You're thinking of the LiveWire. HD was also working on an eMTB.


----------



## fos'l (May 27, 2009)

Read they were delaying introduction of ebikes until 2021.


----------



## MadPainterGrafx (Oct 3, 2014)

RickBullottaPA said:


> You're thinking of the LiveWire. HD was also working on an eMTB.


I was thinking about the Livewire but did not hear anything about an emtb... not stoked on that news actually.
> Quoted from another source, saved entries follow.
text \<open>A Green-function estimate: with s the primitive of S, integrate K' by parts against s
  on [a, u] and against s - L on [u, b], apply Cauchy-Schwarz on each piece, and use
  s^3 + (L - s)^3 <= L^3.\<close>

lemma weighted_oscillation_le:
  fixes S K Ks :: "real \<Rightarrow> real"
  assumes S: "continuous_on {a..b} S" "\<And>x. x \<in> {a..b} \<Longrightarrow> 0 \<le> S x"
    and Ks: "continuous_on {a..b} Ks"
    and K: "\<And>x. x \<in> {a..b} \<Longrightarrow> (K has_real_derivative Ks x * S x) (at x within {a..b})"
    and u: "u \<in> {a..b}"
  shows "(integral {a..b} S * K u - integral {a..b} (\<lambda>x. K x * S x))^2
    \<le> (integral {a..b} S)^3 / 3 * integral {a..b} (\<lambda>x. (Ks x)^2 * S x)"
proof -
  define s where "s x = integral {a..x} S" for x
  define L where "L = integral {a..b} S"
  have au: "a \<le> u" and ub: "u \<le> b" using u by auto
  have left: "{a..u} \<subseteq> {a..b}" and right: "{u..b} \<subseteq> {a..b}" using ub au by auto
  have int: "f integrable_on {a..b}" if "continuous_on {a..b} f" for f :: "real \<Rightarrow> real"
    using that by (rule integrable_continuous_interval)
  have split: "integral {a..u} f + integral {u..b} f = integral {a..b} f"
    if "continuous_on {a..b} f" for f :: "real \<Rightarrow> real"
    by (rule Henstock_Kurzweil_Integration.integral_combine[OF au ub int[OF that]])
  have nonneg: "0 \<le> integral {c..d} f"
    if "continuous_on {a..b} f" "\<And>x. x \<in> {a..b} \<Longrightarrow> 0 \<le> f x" "{c..d} \<subseteq> {a..b}" for f :: "real \<Rightarrow> real" and c d
    using integrable_on_subinterval[OF int[OF that(1)] that(3)] that(2,3)
    by (intro integral_nonneg) auto
  have su: "0 \<le> s u" "s u \<le> L"
    using nonneg[OF S left] nonneg[OF S right] split[OF S(1)] by (auto simp: s_def L_def)
  have s_a: "s a = 0" and s_b: "s b = L" by (simp_all add: s_def L_def)
  have s_sub: "(s has_real_derivative S x) (at x within T)" if "x \<in> T" "T \<subseteq> {a..b}" for x T
    unfolding s_def using integral_has_real_derivative[OF S(1)] that
    by (blast intro: has_field_derivative_subset)
  have K_sub: "(K has_real_derivative Ks x * S x) (at x within T)" if "x \<in> T" "T \<subseteq> {a..b}" for x T
    using has_field_derivative_subset[OF K that(2)] that by blast
  have S_sub: "0 \<le> S x" if "x \<in> T" "T \<subseteq> {a..b}" for x T
    using S(2) that by blast
  have "(s u * K u - integral {a..u} (\<lambda>x. K x * S x))^2
      \<le> (s u)^3 / 3 * integral {a..u} (\<lambda>x. (Ks x)^2 * S x)"
    using parts_primitive_sq_le[OF au continuous_on_subset[OF S(1) left] S_sub[OF _ left]
        continuous_on_subset[OF Ks left] s_sub[OF _ left] K_sub[OF _ left], where y=0] left
    by (simp add: s_a)
  moreover have "((L - s u) * K u - integral {u..b} (\<lambda>x. K x * S x))^2
      \<le> (L - s u)^3 / 3 * integral {u..b} (\<lambda>x. (Ks x)^2 * S x)"
    using parts_primitive_sq_le[OF ub continuous_on_subset[OF S(1) right] S_sub[OF _ right]
        continuous_on_subset[OF Ks right] s_sub[OF _ right] K_sub[OF _ right], where y=L] right
    by (simp add: s_b power3_eq_cube algebra_simps)
  ultimately have "((s u * K u - integral {a..u} (\<lambda>x. K x * S x))
      + ((L - s u) * K u - integral {u..b} (\<lambda>x. K x * S x)))^2
      \<le> (s u + (L - s u))^3 / 3
        * (integral {a..u} (\<lambda>x. (Ks x)^2 * S x) + integral {u..b} (\<lambda>x. (Ks x)^2 * S x))"
    by (rule sq_add_le_cube_add_mult_add) (use su left right S Ks in \<open>auto intro!: nonneg continuous_intros\<close>)
  moreover have "continuous_on {a..b} (\<lambda>x. K x * S x)" "continuous_on {a..b} (\<lambda>x. (Ks x)^2 * S x)"
    using DERIV_continuous_on[OF K] S Ks by (auto intro: continuous_intros)
  ultimately show ?thesis
    by (simp add: split[symmetric] L_def algebra_simps)
qed

lemma integral_weighted_sq_le:
  fixes S K :: "real \<Rightarrow> real"
  assumes S: "continuous_on {a..b} S" "\<And>x. x \<in> {a..b} \<Longrightarrow> 0 \<le> S x"
    and K: "continuous_on {a..b} K"
  shows "(integral {a..b} (\<lambda>x. K x * S x))^2
    \<le> integral {a..b} (\<lambda>x. (K x)^2 * S x) * integral {a..b} S"
  using integral_Cauchy_Schwarz_weighted[OF K continuous_on_const S, of 1] by simp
Sent from my SM-G981U using Tapatalk


----------



## matt4x4 (Dec 21, 2013)

It'd be interesting to see which way they go on the build for their ebikes.
Honda stealerships sell Bulls Ebikes.


----------



## rockcrusher (Aug 28, 2003)

be interesting to see if it keeps their horrible business model going. The livewire doesn't look like anything special compared to the other motorcycles out there. Less range, and features, HD price.


----------



## Rajflyboy (Jan 30, 2020)

fos'l said:


> Read they were delaying introduction of ebikes until 2021.


Thanks

I assumed this but had not heard.


----------



## Rajflyboy (Jan 30, 2020)

https://www.harley-davidson.com/us/en/motorcycles/future-vehicles/e-bicycles.html

i think HD makes more off branding than they do in motorcycle sales although I bet their parts department does well

t shirts, hats, clothes, cups


----------



## matt4x4 (Dec 21, 2013)

People be wearing their hd leathers while riding their electric bicycles.


----------



## MadPainterGrafx (Oct 3, 2014)

RickBullottaPA said:


> You're thinking of the LiveWire. HD was also working on an eMTB.


I was and never heard about HD e-bikes till now. Looked at the link and they aren't mtb's. Interesting to see though. As it says in their description they look like they'll be good in an urban environment. Lol

Sent from my SM-G981U using Tapatalk


----------



## Rajflyboy (Jan 30, 2020)

20 years from now we will not remember that HD once made E bikes 

I honestly hope that HD builds a good product and is able to expand the E bicycle world. I just don’t have a lot of faith that will happen. E bike apparel? Now maybe 😜


----------



## matt4x4 (Dec 21, 2013)

Cruiser ebikes for aging grey haired HD owners.


----------